▶ _BRIEF_:
Count the lines in the data below that include the word "swap", then state the total and nothing besides.
———
(* Let $p$ be an odd prime, $\alpha$ an indeterminate over $\mathbb F_p$, and $G^{(\alpha)}(X)=-\sum_{k=1}^{p-1}\frac{1}{k}\frac{X^{k}}{\prod_{s=1}^{k-1}b_{1,s}(\alpha)}\in\mathbb F_p(\alpha)[X]$ (empty product equal to $1$). Then \[ L_{p-1}^{(\alpha)}\bigl(G^{(\alpha)}(X)\bigr)\equiv X\pmod{X^p-L_{p-1}^{(\alpha^p)}(\alpha^p-\alpha)} \] in the polynomial ring $\mathbb F_p(\alpha)[X]$, where $L_{p-1}^{(\alpha^p)}(\alpha^p-\alpha)$ denotes the element of $\mathbb F_p[\alpha]$ obtained from $L_{p-1}^{(\alpha)}(X)$ by substituting $\alpha^p$ for $\alpha$ and $\alpha^p-\alpha$ for $X$.
   Context: $\mathbb F_p$ is the field of $p$ elements. $L_{p-1}^{(\alpha)}(X)\in\mathbb F_p[\alpha,X]$ is defined by $L_{p-1}^{(\alpha)}(X)=\sum_{k=0}^{p-1}\binom{\alpha-1}{p-1-k}\frac{(-X)^k}{k!}$, where $\binom{x}{m}=x(x-1)\cdots(x-m+1)/m!$. For integers $0<r,s<p$ (interpreted as elements of $\mathbb F_p$), $b_{r,s}(\alpha)=\sum_{k=0}^{p-1}(-r/s)^k\binom{r\alpha-1}{p-1-k}\binom{s\alpha-1}{k}\in\mathbb F_p[\alpha]$. *)

theory Defs
  imports "HOL-Computational_Algebra.Polynomial" "HOL-Computational_Algebra.Fraction_Field" "HOL-Library.Cardinality"
begin

definition gbin :: "'b::field \<Rightarrow> nat \<Rightarrow> 'b" where
  "gbin x m = (\<Prod>i<m. x - of_nat i) / of_nat (fact m)"

definition alpha :: "'a::field poly fract" where
  "alpha = Fract [:0, 1:] 1"

text \<open>L_{p-1}^{(a)}(X) = sum_{k=0}^{p-1} binom(a-1, p-1-k) (-X)^k / k!, as a polynomial in X
  with the parameter a specialised to an element of the field.\<close>
definition lag_poly :: "nat \<Rightarrow> 'b::field \<Rightarrow> 'b poly" where
  "lag_poly p a = (\<Sum>k<p. monom (gbin (a - 1) (p - 1 - k) * (-1) ^ k / of_nat (fact k)) k)"

definition bcoef :: "nat \<Rightarrow> nat \<Rightarrow> nat \<Rightarrow> 'b::field \<Rightarrow> 'b" where
  "bcoef p r s a = (\<Sum>k<p. (- (of_nat r / of_nat s)) ^ k
       * gbin (of_nat r * a - 1) (p - 1 - k) * gbin (of_nat s * a - 1) k)"

definition Gpoly :: "nat \<Rightarrow> 'b::field \<Rightarrow> 'b poly" where
  "Gpoly p a = - (\<Sum>k\<in>{1..p-1}. monom ((1 / of_nat k) / (\<Prod>s\<in>{1..k-1}. bcoef p 1 s a)) k)"

end

(* Fix a parameter a whose values b_{1,s}(a), 0 < s < p - 1, are nonzero, and write
   m = X^p - (a^p - a) and M_r(X) = L_{p-1}^{(r a)}(r X), so that M_1 = L := L_{p-1}^{(a)}.
   Each M_r satisfies the first-order congruence X M_r' = r (X - a) M_r (mod m), and a
   polynomial of degree < p satisfying such a congruence is determined by its coefficient of
   X^(p-1).  Comparing these coefficients gives M_1 M_s = b_{1,s}(a) M_(s+1) (mod m), hence
   L^k = b_{1,1}(a) ... b_{1,k-1}(a) M_k (mod m), and a power-sum computation over F_p turns
   this into G(L) = X (mod m).  By Frobenius, L^p = L_{p-1}^{(a^p)}(X^p) = c (mod m) with
   c = L_{p-1}^{(a^p)}(a^p - a).  So f |-> f(L) mod m maps F[X]/(X^p - c) onto F[X]/(m), since
   X = G(L) lies in the image; both spaces have dimension p, so the map is injective, and
   L(G) - X lies in its kernel.  For a = alpha the b_{1,s}(alpha) are nonzero because they
   take the value 1 at alpha = 0. *)

theory Submission
  imports Defs "HOL-Computational_Algebra.Polynomial_Factorial"
begin

section \<open>Arithmetic in characteristic p\<close>

lemma of_nat_neq_0_CHAR:
  assumes "CHAR('k::semiring_1) = p" "0 < n" "n < p"
  shows "(of_nat n :: 'k) \<noteq> 0"
  using assms by (auto simp: of_nat_eq_0_iff_char_dvd dest: dvd_imp_le)

lemma of_nat_inj_CHAR:
  assumes "CHAR('k::semiring_1_cancel) = p" "i < p" "j < p" "(of_nat i :: 'k) = of_nat j"
  shows "i = j"
proof -
  have "\<not> (of_nat i' :: 'k) = of_nat j'" if "i' < j'" "j' < p" for i' j'
    using that assms(1) by (auto simp: of_nat_eq_iff_char_dvd dest: dvd_imp_le)
  then show ?thesis using assms(2-4) by (metis linorder_neqE_nat)
qed

lemma of_nat_diff_CHAR:
  assumes "CHAR('k::ring_1) = p" "k \<le> p"
  shows "(of_nat (p - k) :: 'k) = - of_nat k"
proof -
  have "(of_nat (p - k) :: 'k) + of_nat k = of_nat p"
    using assms(2) by (simp flip: of_nat_add)
  then show ?thesis using assms(1) of_nat_CHAR[where 'a='k] by (simp add: eq_neg_iff_add_eq_0)
qed

lemma power_diff_CHAR:
  assumes "CHAR('k::comm_ring_1) = p" "prime p"
  shows "(x - y :: 'k) ^ p = x ^ p - y ^ p"
proof -
  have "(x + (- y)) ^ p = x ^ p + (- y) ^ p" using assms by (intro freshmans_dream) auto
  moreover have "(- y) ^ p = - (y ^ p)" using assms by (intro minus_power_prime_CHAR) auto
  ultimately show ?thesis by simp
qed

lemma of_nat_power_CHAR:
  assumes "CHAR('k::comm_ring_1) = p" "prime p"
  shows "(of_nat n :: 'k) ^ p = of_nat n"
proof (induction n)
  case 0
  then show ?case using assms(2) prime_gt_0_nat by (simp add: power_0_left)
next
  case (Suc n)
  have "(of_nat n + 1 :: 'k) ^ p = of_nat n ^ p + 1 ^ p"
    using assms by (intro freshmans_dream) auto
  then show ?case using Suc by (simp add: add.commute)
qed

lemma of_nat_power_pred_CHAR:
  assumes "CHAR('k::field) = p" "prime p" "\<not> p dvd n"
  shows "(of_nat n :: 'k) ^ (p - 1) = 1"
proof -
  have "(of_nat n :: 'k) \<noteq> 0" using assms by (simp add: of_nat_eq_0_iff_char_dvd)
  moreover have "(of_nat n :: 'k) * of_nat n ^ (p - 1) = of_nat n ^ p"
    using prime_gt_0_nat[OF assms(2)] by (metis Suc_diff_1 power_Suc)
  moreover have "(of_nat n :: 'k) ^ p = of_nat n * 1"
    using of_nat_power_CHAR[OF assms(1,2)] by simp
  ultimately show ?thesis by (metis mult_left_cancel)
qed

lemma prod_diff_of_nat_CHAR:
  assumes "CHAR('k::field) = p" "prime p"
  shows "(\<Prod>j\<in>{1..p-1}. (x::'k) - of_nat j) = x ^ (p - 1) - 1"
proof -
  define P :: "'k poly" where "P = (\<Prod>j\<in>{1..p-1}. [:- of_nat j, 1:])"
  define Q :: "'k poly" where "Q = monom 1 (p - 1) - 1"
  define A :: "'k set" where "A = of_nat ` {1..p-1}"
  have p2: "p \<ge> 2" using assms(2) prime_ge_2_nat by blast
  have degP: "degree P = p - 1" unfolding P_def
    by (subst degree_prod_eq_sum_degree) auto
  have "coeff P (p - 1) = lead_coeff P" using degP by simp
  also have "\<dots> = 1" unfolding P_def by (simp add: lead_coeff_prod)
  finally have lcP: "coeff P (p - 1) = 1" .
  have "P = Q"
  proof (rule poly_eqI_degree_lead_coeff[of P "p - 1" Q A])
    show "coeff P (p - 1) = coeff Q (p - 1)" using lcP p2 by (simp add: Q_def coeff_monom)
    show "degree P \<le> p - 1" using degP by simp
    show "degree Q \<le> p - 1" unfolding Q_def
      by (metis degree_diff_le degree_monom_le degree_1 le0)
    have "inj_on (of_nat :: nat \<Rightarrow> 'k) {1..p-1}"
      by (rule inj_onI) (use of_nat_inj_CHAR[OF assms(1)] p2 in auto)
    then show "p - 1 \<le> card A" unfolding A_def by (simp add: card_image)
    fix z assume "z \<in> A"
    then obtain j where j: "j \<in> {1..p-1}" "z = of_nat j" unfolding A_def by blast
    have "\<not> p dvd j" using j p2 by (auto dest: dvd_imp_le)
    then have "z ^ (p - 1) = 1" using of_nat_power_pred_CHAR[OF assms] j by simp
    then have "poly Q z = 0" unfolding Q_def by (simp add: poly_monom)
    moreover have "poly P z = 0" unfolding P_def poly_prod using j by (auto intro: prod_zero)
    ultimately show "poly P z = poly Q z" by simp
  qed
  then have "poly P x = poly Q x" by simp
  then show ?thesis unfolding P_def Q_def by (simp add: poly_prod poly_monom)
qed

lemma fact_pred_CHAR:
  assumes "CHAR('k::field) = p" "prime p" "odd p"
  shows "(of_nat (fact (p - 1)) :: 'k) = -1"
proof -
  have "(\<Prod>j\<in>{1..p-1}. (0::'k) - of_nat j) = (-1) ^ (p - 1) * (\<Prod>j\<in>{1..p-1}. of_nat j)"
    by (simp add: prod_uminus)
  also have "\<dots> = (\<Prod>j\<in>{1..p-1}. of_nat j)" using assms(3) by simp
  also have "\<dots> = of_nat (fact (p - 1))" by (simp add: fact_prod of_nat_prod)
  finally have "(\<Prod>j\<in>{1..p-1}. (0::'k) - of_nat j) = of_nat (fact (p - 1))" .
  moreover have "(0::'k) ^ (p - 1) = 0" using prime_ge_2_nat[OF assms(2)] by (simp add: power_0_left)
  ultimately show ?thesis using prod_diff_of_nat_CHAR[OF assms(1,2), of 0] by simp
qed

lemma fact_mult_fact_CHAR:
  assumes "CHAR('k::field) = p" "prime p" "odd p" "i < p"
  shows "(of_nat (fact i) * of_nat (fact (p - 1 - i)) :: 'k) = - ((-1) ^ i)"
  using assms(4)
proof (induction i)
  case 0
  then show ?case using fact_pred_CHAR[OF assms(1-3)] by simp
next
  case (Suc i)
  have e: "p - 1 - i = Suc (p - 1 - Suc i)" using Suc.prems by simp
  have e': "(of_nat (p - Suc (Suc i)) :: 'k) = - of_nat (Suc (Suc i))"
    using of_nat_diff_CHAR[OF assms(1), of "Suc (Suc i)"] Suc.prems by simp
  have "(of_nat (fact i) * of_nat (fact (p - 1 - i)) :: 'k) =
      - (of_nat (fact (Suc i)) * of_nat (fact (p - 1 - Suc i)))"
    unfolding e fact_Suc of_nat_mult by (simp add: e' algebra_simps)
  then show ?case using Suc by simp
qed

lemma sum_of_nat_power_CHAR:
  assumes "CHAR('k::idom) = p" "Suc n < p"
  shows "(\<Sum>k<p. (of_nat k :: 'k) ^ n) = 0"
  using assms(2)
proof (induction n rule: less_induct)
  case (less n)
  have bin: "(of_nat (Suc k) :: 'k) ^ Suc n - of_nat k ^ Suc n =
      (\<Sum>i\<le>n. of_nat (Suc n choose i) * of_nat k ^ i)" for k
    using binomial_ring[of "of_nat k :: 'k" 1 "Suc n"] by (simp add: atMost_Suc add.commute)
  have "(\<Sum>k<p. (of_nat (Suc k) :: 'k) ^ Suc n - of_nat k ^ Suc n) = of_nat p ^ Suc n - of_nat 0 ^ Suc n"
    by (rule sum_lessThan_telescope)
  also have "\<dots> = 0" using assms(1) of_nat_CHAR[where 'a='k] by simp
  finally have "(\<Sum>i\<le>n. of_nat (Suc n choose i) * (\<Sum>k<p. (of_nat k :: 'k) ^ i)) = 0"
    by (simp only: bin sum.swap[of _ "{..<p}"] sum_distrib_left)
  moreover have "(\<Sum>i<n. of_nat (Suc n choose i) * (\<Sum>k<p. (of_nat k :: 'k) ^ i)) = 0"
    using less by (intro sum.neutral) auto
  ultimately have "of_nat (Suc n) * (\<Sum>k<p. (of_nat k :: 'k) ^ n) = 0"
    by (simp add: lessThan_Suc_atMost[symmetric])
  moreover have "(of_nat (Suc n) :: 'k) \<noteq> 0"
    using of_nat_neq_0_CHAR[OF assms(1)] less.prems by (simp del: of_nat_Suc)
  ultimately show ?case by simp
qed

lemma sum_poly_of_nat_CHAR:
  assumes "CHAR('k::idom) = p" "Suc (degree P) < p"
  shows "(\<Sum>k<p. poly P (of_nat k :: 'k)) = 0"
proof -
  have "(\<Sum>k<p. poly P (of_nat k :: 'k)) =
      (\<Sum>i\<le>degree P. coeff P i * (\<Sum>k<p. (of_nat k :: 'k) ^ i))"
    by (simp add: poly_altdef sum.swap[of _ "{..<p}"] sum_distrib_left)
  also have "\<dots> = 0" using assms by (intro sum.neutral) (auto intro!: sum_of_nat_power_CHAR)
  finally show ?thesis .
qed

lemma sum_poly_of_nat_nonzero_CHAR:
  assumes "CHAR('k::idom) = p" "Suc (degree P) < p"
  shows "(\<Sum>k\<in>{1..p-1}. poly P (of_nat k :: 'k)) = - poly P 0"
proof -
  have "{..<p} = insert 0 {1..p-1}" using assms(2) by auto
  then have "(\<Sum>k<p. poly P (of_nat k :: 'k)) = poly P 0 + (\<Sum>k\<in>{1..p-1}. poly P (of_nat k))"
    by simp
  then show ?thesis using sum_poly_of_nat_CHAR[OF assms] by (simp add: eq_neg_iff_add_eq_0 add.commute)
qed

lemma sum_inverse_of_nat_CHAR:
  assumes "CHAR('k::field) = p" "prime p" "odd p"
  shows "(\<Sum>k\<in>{1..p-1}. 1 / (of_nat k :: 'k)) = 0"
proof -
  have p3: "p \<ge> 3" using prime_ge_2_nat[OF assms(2)] assms(3) by presburger
  have "1 / (of_nat k :: 'k) = poly (monom 1 (p - 2)) (of_nat k)" if "k \<in> {1..p-1}" for k
  proof -
    have "(of_nat k :: 'k) * of_nat k ^ (p - 2) = of_nat k ^ (p - 1)"
      using p3 by (simp flip: power_Suc add: Suc_diff_Suc numeral_2_eq_2)
    also have "\<dots> = 1" using that by (intro of_nat_power_pred_CHAR[OF assms(1,2)]) (auto dest: dvd_imp_le)
    finally have "inverse (of_nat k :: 'k) = of_nat k ^ (p - 2)" by (rule inverse_unique)
    then show ?thesis by (simp add: poly_monom divide_inverse)
  qed
  then have "(\<Sum>k\<in>{1..p-1}. 1 / (of_nat k :: 'k)) =
      (\<Sum>k\<in>{1..p-1}. poly (monom 1 (p - 2)) (of_nat k))"
    by (rule sum.cong[OF refl])
  also have "\<dots> = 0"
    using sum_poly_of_nat_nonzero_CHAR[OF assms(1), of "monom 1 (p - 2)"] p3
    by (simp add: degree_monom_eq poly_monom power_0_left)
  finally show ?thesis .
qed
section \<open>Integration over a period\<close>

lemma continuous_on_UNIV_integrable: "continuous_on UNIV f \<Longrightarrow> (f::real \<Rightarrow> real) integrable_on {a..b}"
  by (meson continuous_on_subset integrable_continuous_interval subset_UNIV)

lemma has_integral_real_derivative:
  fixes F f :: "real \<Rightarrow> real"
  assumes "a \<le> b" "\<And>t. t \<in> {a..b} \<Longrightarrow> (F has_real_derivative f t) (at t)"
  shows "(f has_integral (F b - F a)) {a..b}"
  using assms by (intro fundamental_theorem_of_calculus)
    (auto simp: has_real_derivative_iff_has_vector_derivative[symmetric] has_field_derivative_at_within)

abbreviation period_integral :: "(real \<Rightarrow> real) \<Rightarrow> real" where
  "period_integral f \<equiv> integral {0..2*pi} f"

lemma period_integral_add:
  "continuous_on UNIV f \<Longrightarrow> continuous_on UNIV g \<Longrightarrow>
     period_integral (\<lambda>t. f t + g t) = period_integral f + period_integral g"
  and period_integral_diff:
  "continuous_on UNIV f \<Longrightarrow> continuous_on UNIV g \<Longrightarrow>
     period_integral (\<lambda>t. f t - g t) = period_integral f - period_integral g"
  by (intro integral_add integral_diff continuous_on_UNIV_integrable; assumption)+

lemma period_integral_nonneg:
  "continuous_on UNIV f \<Longrightarrow> (\<And>t. f t \<ge> 0) \<Longrightarrow> period_integral f \<ge> 0"
  by (rule integral_nonneg) (auto intro: continuous_on_UNIV_integrable)

lemma period_integral_pos:
  assumes f: "continuous_on UNIV f" and nonneg: "\<And>t. f t \<ge> 0"
    and t0: "0 < t0" "t0 < 2*pi" and pos: "f t0 > 0"
  shows "period_integral f > 0"
proof -
  have "period_integral f \<noteq> 0"
  proof
    assume "period_integral f = 0"
    then have "(f has_integral 0) (cbox 0 (2*pi))"
      using continuous_on_UNIV_integrable[OF f] by (metis box_real(2) has_integral_integral)
    then have "f t0 = 0"
      using t0 nonneg by (intro has_integral_0_cbox_imp_0[of 0 "2*pi" f])
        (auto intro: continuous_on_subset[OF f])
    with pos show False by simp
  qed
  then show ?thesis using period_integral_nonneg[OF f nonneg] by linarith
qed

lemma integral_period_shift:
  fixes f :: "real \<Rightarrow> real"
  assumes f: "continuous_on UNIV f" and periodic: "\<And>t. f (t + 2*pi) = f t"
    and a: "0 \<le> a" "a \<le> 2*pi"
  shows "integral {a..a+2*pi} f = period_integral f"
proof -
  have "integral {2*pi-2*pi..(a+2*pi)-2*pi} (\<lambda>t. f (t + 2*pi)) = integral {2*pi..a+2*pi} f"
    by (rule integral_shift_real_ivl)
  then have "integral {2*pi..a+2*pi} f = integral {0..a} (\<lambda>t. f (t + 2*pi))"
    by simp
  also have "\<dots> = integral {0..a} f"
    using periodic by simp
  finally have "integral {2*pi..a+2*pi} f = integral {0..a} f" .
  moreover have "integral {a..2*pi} f + integral {2*pi..a+2*pi} f = integral {a..a+2*pi} f"
    "integral {0..a} f + integral {a..2*pi} f = period_integral f"
    using a by (auto intro!: Henstock_Kurzweil_Integration.integral_combine
        continuous_on_UNIV_integrable[OF f])
  ultimately show ?thesis by linarith
qed

lemma period_integral_by_parts:
  assumes f: "C2_periodic f f' f''" and g: "C2_periodic g g' g''"
  shows "period_integral (\<lambda>t. f t * g'' t) = - period_integral (\<lambda>t. f' t * g' t)"
proof -
  have "((\<lambda>t. f' t * g' t + f t * g'' t) has_integral
          f (2*pi) * g' (2*pi) - f 0 * g' 0) {0..2*pi}"
    using C2_periodicD[OF f] C2_periodicD[OF g]
    by (intro has_integral_real_derivative[of 0 "2*pi" "\<lambda>t. f t * g' t"])
      (auto intro!: derivative_eq_intros)
  then have "period_integral (\<lambda>t. f' t * g' t + f t * g'' t) = 0"
    using C2_periodicD(1)[OF f, of 0] C2_periodic_periodic(1)[OF g, of 0]
    by (simp add: integral_unique)
  moreover have "period_integral (\<lambda>t. f' t * g' t + f t * g'' t)
      = period_integral (\<lambda>t. f' t * g' t) + period_integral (\<lambda>t. f t * g'' t)"
    using C2_periodic_continuous[OF f] C2_periodic_continuous[OF g]
    by (intro period_integral_add continuous_intros)
  ultimately show ?thesis by simp
qed

definition area_form :: "(real \<Rightarrow> real) \<Rightarrow> (real \<Rightarrow> real) \<Rightarrow> real" where
  "area_form f g = period_integral (\<lambda>t. f t * D2 g t)"

lemma area_form_split:
  assumes f: "C2_periodic f f' f''" and g: "C2_periodic g g' g''"
  shows "area_form f g = - period_integral (\<lambda>t. f' t * g' t) + period_integral (\<lambda>t. f t * g t)"
proof -
  have "area_form f g = period_integral (\<lambda>t. f t * g'' t) + period_integral (\<lambda>t. f t * g t)"
    unfolding area_form_def C2_periodic_D2[OF g] distrib_left
    using C2_periodic_continuous[OF f] C2_periodic_continuous[OF g]
    by (intro period_integral_add continuous_intros)
  then show ?thesis
    using period_integral_by_parts[OF f g] by simp
qed

lemma area_form_sym:
  assumes "C2_periodic f f' f''" "C2_periodic g g' g''"
  shows "area_form f g = area_form g f"
  using area_form_split[OF assms] area_form_split[OF assms(2,1)] by (simp add: mult.commute)

lemma area_form_self:
  assumes "C2_periodic f f' f''"
  shows "area_form f f = period_integral (\<lambda>t. (f t)^2) - period_integral (\<lambda>t. (f' t)^2)"
  using area_form_split[OF assms assms] by (simp add: power2_eq_square)

section \<open>Wirtinger's inequalities\<close>

lemma period_integral_square_diff:
  assumes "continuous_on UNIV f" "continuous_on UNIV g"
  shows "period_integral (\<lambda>t. (f t - g t)^2)
    = period_integral (\<lambda>t. (f t)^2) - 2 * period_integral (\<lambda>t. f t * g t) + period_integral (\<lambda>t. (g t)^2)"
proof -
  have "period_integral (\<lambda>t. (f t - g t)^2)
      = period_integral (\<lambda>t. ((f t)^2 - 2 * (f t * g t)) + (g t)^2)"
    by (simp add: power2_eq_square algebra_simps)
  also have "\<dots> = period_integral (\<lambda>t. (f t)^2) - period_integral (\<lambda>t. 2 * (f t * g t))
      + period_integral (\<lambda>t. (g t)^2)"
    using assms by (simp add: period_integral_add period_integral_diff continuous_intros)
  finally show ?thesis by simp
qed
———
▶ _OUTPUT FOR THIS EXERCISE_:
2